Vector
Numeric representation
An ordered list of numbers that represents an item (word, image, user) as a point in high-dimensional space.
A vector is just a list: [0.21, -0.45, 0.78, ...]. In AI it usually
has 256–4096 dimensions and encodes the "meaning" of an item.
Similar items end up close together. The vectors for "cat" and "dog" sit near each other; "cat" and "car" sit far apart. Closeness is typically measured with cosine similarity or Euclidean distance.
Vectors support arithmetic — addition, subtraction, scaling. Famous
example: vec("king") - vec("man") + vec("woman") ≈ vec("queen").
Meaning genuinely lives inside the math.
Cities have lat/long coordinates: Istanbul (41, 29), Ankara (40, 33). Distance tells you how close they are. Vectors do the same for meaning — except instead of 2 dimensions, they use hundreds.
An e-commerce search. User types "winter jacket". Classic search returns products containing the words "winter" and "jacket" — but not "thermal parka." Vector search: turn "winter jacket" into a vector, fetch the 20 closest product vectors. Coats, parkas, anoraks — all come back because they're semantically close.

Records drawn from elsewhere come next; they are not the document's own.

lemma shell_integral_interpolation:
  assumes "R > 0" "sqrt 3 * R \<le> s" "t \<le> 2 * R" "smooth B" "3 < q" "q < 4"
  shows "(LINT x:(ball 0 t - ball 0 s)|lebesgue. norm (B x) powr 4)
    \<le> (LINT x:annulus R|lebesgue. norm (B x) powr q) powr (2 / (6 - q))
      * (LINT x:(ball 0 t - ball 0 s)|lebesgue. norm (B x) powr 6) powr ((4 - q) / (6 - q))"
proof -
  let ?S = "ball (0::real^3) t - ball 0 s"
  have "(LINT x:?S|lebesgue. norm (B x) powr 4)
      \<le> (LINT x:?S|lebesgue. norm (B x) powr q) powr ((6 - 4) / (6 - q))
        * (LINT x:?S|lebesgue. norm (B x) powr 6) powr ((4 - q) / (6 - q))"
    using assms(4-6) by (intro set_integral_powr_interpolation set_integrable_shell_norm_powr) auto
  also have "\<dots> \<le> (LINT x:annulus R|lebesgue. norm (B x) powr q) powr (2 / (6 - q))
        * (LINT x:?S|lebesgue. norm (B x) powr 6) powr ((4 - q) / (6 - q))"
    using assms shell_integral_le_annulus_integral[OF assms(1-4), of q]
    by (intro mult_right_mono) (auto simp: set_integral_nonneg intro!: powr_mono2)
  finally show ?thesis .
qed

lemma J4_le_Young_interpolation:
  fixes q \<delta> :: real
  defines "\<beta> \<equiv> 3 * (4 - q) / (6 - q)"
  assumes "R > 0" "sqrt 3 * R \<le> s" "s < t" "t \<le> 2 * R" "smooth B" "3 < q" "q < 4" "\<delta> > 0"
  shows "J4 s t B \<le> \<delta> * Lnorm 6 (ball 0 t - ball 0 s) B ^ 2
    + Young_constant \<beta> \<delta> / (t - s) powr ((6 - q) / (q - 3)) * Lnorm q (annulus R) B powr (q / (q - 3))"
proof -
  define I\<^sub>q where "I\<^sub>q = (LINT x:annulus R|lebesgue. norm (B x) powr q)"
  define I\<^sub>6 where "I\<^sub>6 = (LINT x:(ball 0 t - ball 0 s)|lebesgue. norm (B x) powr 6)"
  define X where "X = Lnorm 6 (ball 0 t - ball 0 s) B ^ 2"
  define Y where "Y = I\<^sub>q powr (2 / (6 - q)) / (t - s) powr 2"
  have \<beta>: "0 < \<beta>" "\<beta> < 1"
    using assms(7,8) by (simp_all add: \<beta>_def field_simps)
  have X_powr: "X powr \<beta> = I\<^sub>6 powr ((4 - q) / (6 - q))"
  proof -
    have "X = I\<^sub>6 powr (1/3)"
      by (simp add: X_def I\<^sub>6_def Lnorm_power)
    moreover have "1/3 * \<beta> = (4 - q) / (6 - q)"
      unfolding \<beta>_def using assms(8) by (simp add: field_simps)
    ultimately show ?thesis
      by (simp only: powr_powr)
  qed
  have "J4 s t B \<le> Y * X powr \<beta>"
    using shell_integral_interpolation[of R s t B q] assms(2-8)
    unfolding J4_eq Y_def X_powr I\<^sub>q_def I\<^sub>6_def by (simp add: divide_right_mono)
  also have "\<dots> \<le> \<delta> * X + Young_constant \<beta> \<delta> * Y powr (1 / (1 - \<beta>))"
    using \<beta> assms(9) by (intro Youngs_inequality_epsilon) (auto simp: X_def Y_def)
  also have "Y powr (1 / (1 - \<beta>)) = Lnorm q (annulus R) B powr (q / (q - 3)) / (t - s) powr ((6 - q) / (q - 3))"
  proof -
    have inv: "1 / (1 - \<beta>) = (6 - q) / (2 * (q - 3))"
      using assms(7,8) by (simp add: \<beta>_def field_simps)
    have "2 / (6 - q) * (1 / (1 - \<beta>)) = 1 / (q - 3)" "2 * (1 / (1 - \<beta>)) = (6 - q) / (q - 3)"
      unfolding inv using assms(7,8) by (simp_all add: divide_simps) (simp_all add: algebra_simps)
    then have "(I\<^sub>q powr (2 / (6 - q))) powr (1 / (1 - \<beta>)) = I\<^sub>q powr (1 / (q - 3))"
      "((t - s) powr 2) powr (1 / (1 - \<beta>)) = (t - s) powr ((6 - q) / (q - 3))"
      by (simp_all only: powr_powr)
    then show ?thesis
      using assms(7) by (simp add: Y_def powr_divide Lnorm_powr I\<^sub>q_def)
  qed
  finally show ?thesis
    by (simp add: X_def)
qed

lemma J4_three_term_bound_below_4:
  assumes "3 < q" "q < 4" "0 < \<delta>" "R > 0" "sqrt 3 * R \<le> s" "s < t" "t \<le> 2 * R" "smooth B"
  shows "J4 s t B \<le> \<delta> * Lnorm 6 (ball 0 t - ball 0 s) B ^ 2
    + Young_constant (3 * (4 - q) / (6 - q)) \<delta> * hq q / (t - s) powr ((6 - q) / (q - 3))
      * Lnorm q (annulus R) B powr (q / (q - 3))
    + 1 / (t - s)^2 * R powr (3 - 12 / q) * Lnorm q (annulus R) B ^ 4"
  using J4_le_Young_interpolation[of R s t B q \<delta>] assms
  by (auto simp: hq_def Lnorm_def intro!: add_increasing2)

lemma J4_three_term_bound_from_4:
  assumes "4 \<le> q" "0 \<le> \<delta>" "R > 0" "sqrt 3 * R \<le> s" "t \<le> 2 * R" "smooth B"
  shows "J4 s t B \<le> \<delta> * Lnorm 6 (ball 0 t - ball 0 s) B ^ 2
    + C\<^sub>\<delta> * hq q / (t - s) powr ((6 - q) / (q - 3)) * Lnorm q (annulus R) B powr (q / (q - 3))
    + (32/3 * pi) powr (1 - 4 / q) / (t - s)^2 * R powr (3 - 12 / q) * Lnorm q (annulus R) B ^ 4"
  using J4_le_Lnorm_annulus[of R s t B q] assms by (auto simp: hq_def intro!: add_increasing)

lemma J4_le_Lnorm6_annulus:
  assumes "R > 0" "sqrt 3 * R \<le> s" "t \<le> 2 * R" "smooth B"
  shows "J4 s t B \<le> (32/3 * pi) powr (1/3) * R / (t - s)^2 * Lnorm 6 (annulus R) B ^ 4"
  using J4_le_Lnorm_annulus[of R s t B 6] assms by simp

theorem lemma2p7:
  shows "(\<forall>q::real. 3 < q \<and> q \<le> 6 \<longrightarrow>
           (\<exists>C>0. \<forall>\<delta>>0. \<exists>C\<delta>>0. \<forall>(R::real) s t (B::real^3 \<Rightarrow> real^3).
              R > 0 \<and> sqrt 3 * R \<le> s \<and> s < t \<and> t \<le> 2 * R \<and> smooth B \<longrightarrow>
              J4 s t B \<le> \<delta> * (Lnorm 6 (ball 0 t - ball 0 s) B)^2
                + C\<delta> * hq q / (t - s) powr ((6 - q) / (q - 3))
                    * (Lnorm q (annulus R) B) powr (q / (q - 3))
                + C / (t - s)^2 * R powr (3 - 12 / q) * (Lnorm q (annulus R) B)^4))
       \<and> (\<exists>C>0. \<forall>(R::real) s t (B::real^3 \<Rightarrow> real^3).
              R > 0 \<and> sqrt 3 * R \<le> s \<and> s < t \<and> t \<le> 2 * R \<and> smooth B \<longrightarrow>
              J4 s t B \<le> C * R / (t - s)^2 * (Lnorm 6 (annulus R) B)^4)"
  apply (intro conjI allI impI)
  subgoal premises q for q
  proof (cases "q < 4")
    case True
    have "0 < Young_constant (3 * (4 - q) / (6 - q)) \<delta>" if "0 < \<delta>" for \<delta>
      using q True that by (intro Young_constant_pos) (simp_all add: field_simps)
    then show ?thesis
      using q True J4_three_term_bound_below_4[of q] zero_less_one by blast
  next
    case False
    then have "4 \<le> q" "0 < (32/3 * pi) powr (1 - 4 / q)"
      by simp_all
    then show ?thesis
      using J4_three_term_bound_from_4[of q] zero_less_one less_imp_le by blast
  qed
  using J4_le_Lnorm6_annulus by (intro exI[of _ "(32/3 * pi) powr (1/3)"]) auto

Same logic powers: user recommendations (similar user vectors), visual search (similar image vector), spam detection (close to known bad-message vectors).
- When semantic similarity matters (search, recommendations, clustering)
- Building RAG — chunks are stored as vectors
- When classic keyword matching falls short
- Multimodal search (find an image by text, etc.)
- Exact-match lookups (SKU, email, phone) — keyword + B-tree is faster
- Sparse data — vector overhead doesn't beat simple pattern matching
- Explainability is required — 'why this result?' is hard to answer
Dimension mismatch
Different models produce different-sized vectors. You can't mix OpenAI embeddings with Cohere ones in the same DB.
Forgetting to normalize
For cosine similarity vectors must be normalized (length = 1). Otherwise results lie.
Ignoring the curse of dimensionality
In very high-dimensional space everything looks 'somewhat far' from everything. 'Nearest' loses meaning at 4096 dims. 768–1536 is usually enough.